In order to understand how these perspectives fit
into the American debate, this essay examines their
origins in the diverse experiences of whites and
blacks. The central argument here is that affirmative
action policies have forced a sharp confrontation
between two core American values: egalitarianism and
individualism. It is the egalitarian element in the
American Creed that created the consensus behind the
civil rights revolution of the past 30 years. But the
more recent focus of the civil rights movement, with
its emphasis on substantive equality and preferential
treatment, forced the country up against the
individualistic, achievement-oriented element in the
Creed. As a result, the consensus has been broken.
Most Americans make a critical distinction between
compensatory action and preferential treatment.
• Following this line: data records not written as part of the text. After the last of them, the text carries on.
text \<open>A Caratheodory function (measurable in the sample, continuous in the point) is jointly
  measurable: it is the pointwise limit of its evaluations on the grids of mesh \<open>1 / (n + 1)\<close>,
  each of which has countably many values in the point.\<close>

lemma caratheodory_borel_measurable:
  fixes g :: "'a \<Rightarrow> real^'n::finite \<Rightarrow> 'b::metric_space"
  assumes measurable: "\<And>x. (\<lambda>\<xi>. g \<xi> x) \<in> borel_measurable D"
    and continuous: "\<And>\<xi>. \<xi> \<in> space D \<Longrightarrow> continuous_on UNIV (g \<xi>)"
  shows "(\<lambda>(x, \<xi>). g \<xi> x) \<in> borel_measurable (borel \<Otimes>\<^sub>M D)"
proof (rule borel_measurable_LIMSEQ_metric)
  fix n
  show "(\<lambda>z. g (snd z) (grid_point n (grid_index n (fst z)))) \<in> borel_measurable (borel \<Otimes>\<^sub>M D)"
  proof (rule measurable_compose_countable[where f = "\<lambda>r z. g (snd z) (grid_point n r)"])
    show "(\<lambda>z. g (snd z) (grid_point n r)) \<in> borel_measurable (borel \<Otimes>\<^sub>M D)" for r :: "'n \<Rightarrow> int"
      using measurable by measurable
    show "(\<lambda>z. grid_index n (fst z)) \<in> measurable (borel \<Otimes>\<^sub>M D) (count_space UNIV)"
      using measurable_grid_index by measurable
  qed
next
  fix z :: "(real^'n) \<times> 'a" assume "z \<in> space (borel \<Otimes>\<^sub>M D)"
  then have "snd z \<in> space D" by (auto simp: space_pair_measure)
  then have "isCont (g (snd z)) (fst z)"
    using continuous by (simp add: continuous_on_eq_continuous_at)
  then show "(\<lambda>n. g (snd z) (grid_point n (grid_index n (fst z)))) \<longlonglongrightarrow> (case z of (x, \<xi>) \<Rightarrow> g \<xi> x)"
    using isCont_tendsto_compose[OF _ grid_point_grid_index_tendsto] by (auto split: prod.split)
qed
Compensatory action involves measures to help
disadvantaged groups catch up to the standards of
competition set by the larger society -- examples
include Head Start and other education programs,
federal college aid, job training, community
development. Preferential treatment involves
suspending those standards -- adopting quotas or other
devices that favor citizens on the basis of their
membership in groups rather than on the basis of merit.
While most Americans support the former, public opinion
polls show that majorities of blacks and whites
consistently oppose the latter.
The essay concludes with suggestions for
refocusing affirmative action on its original goal of
guaranteeing equal treatment to individuals. New
strategies for enabling members of minority groups to
move into the social and economic mainstream should be
universalistic or linked to variable traits, such as
poverty, rather than to race, gender or ethnicity.
Examples include a nationwide system of job
apprenticeship for all non-college-bound youths and a
civilian version of the G.I. Bill that encourages young
people to earn money for college or training by
volunteering for service in their communities. The
ultimate goal remains, as Lyndon Johnson stressed a
generation ago, greater equality of opportunity within
a free market economy.
From its inception, the United States has been
composed of two peoples whose values and outlook stem
from radically different experiences. The dominant or
majority view, as explicated in the American Creed and
described in the writings of many foreign sociological
observers of the country, has been characterized by an
emphasis on social egalitarianism, respect across class
lines, equality of opportunity, and meritocracy. The
minority view, identified with the situation of black
Americans, has clearly been for most of American
history a system of explicit hierarchy, of caste, of
inequality related to hereditary origins.1
The American Creed can be subsumed in five terms:
liberty, egalitarianism, individualism, populism (the
rule of the people) and laissez-faire. As Alexis de
Tocqueville noted, egalitarianism, in its American
meaning, has emphasized equality of opportunity and of
respect, not of result or condition.2 These values
reflect the absence of feudal structures and monarchies
and aristocracies. As a new society, the country
lacked the emphasis on social hierarchy and deference
characteristic of post-feudal cultures. These aspects,
as Tocqueville and Max Weber stressed, were reinforced
by the country's religious commitment to the
"nonconformist", largely congregationally organized,
Protestant sects which emphasize voluntarism with
respect to the state, and a personal or individual
relationship to God, one not mediated by hierarchically
organized churches, which predominated in Europe,
Canada and Latin America.3 In much of Europe, on the
other hand, the historic national values are derivative
from strong monarchical and mercantilist states, feudal
class and hierarchial religious structures and
traditions, which favored an emphasis on hereditary
status and family origins.
The importance of these values is also linked, as
Friedrich Engels, Max Weber and Antonio Gramsci
stressed, to the fact that the United States is the
purest bourgeois nation, the least affected by feudal
heritages.4 The key values endemic in capitalism and
industrialism are universalism and achievement.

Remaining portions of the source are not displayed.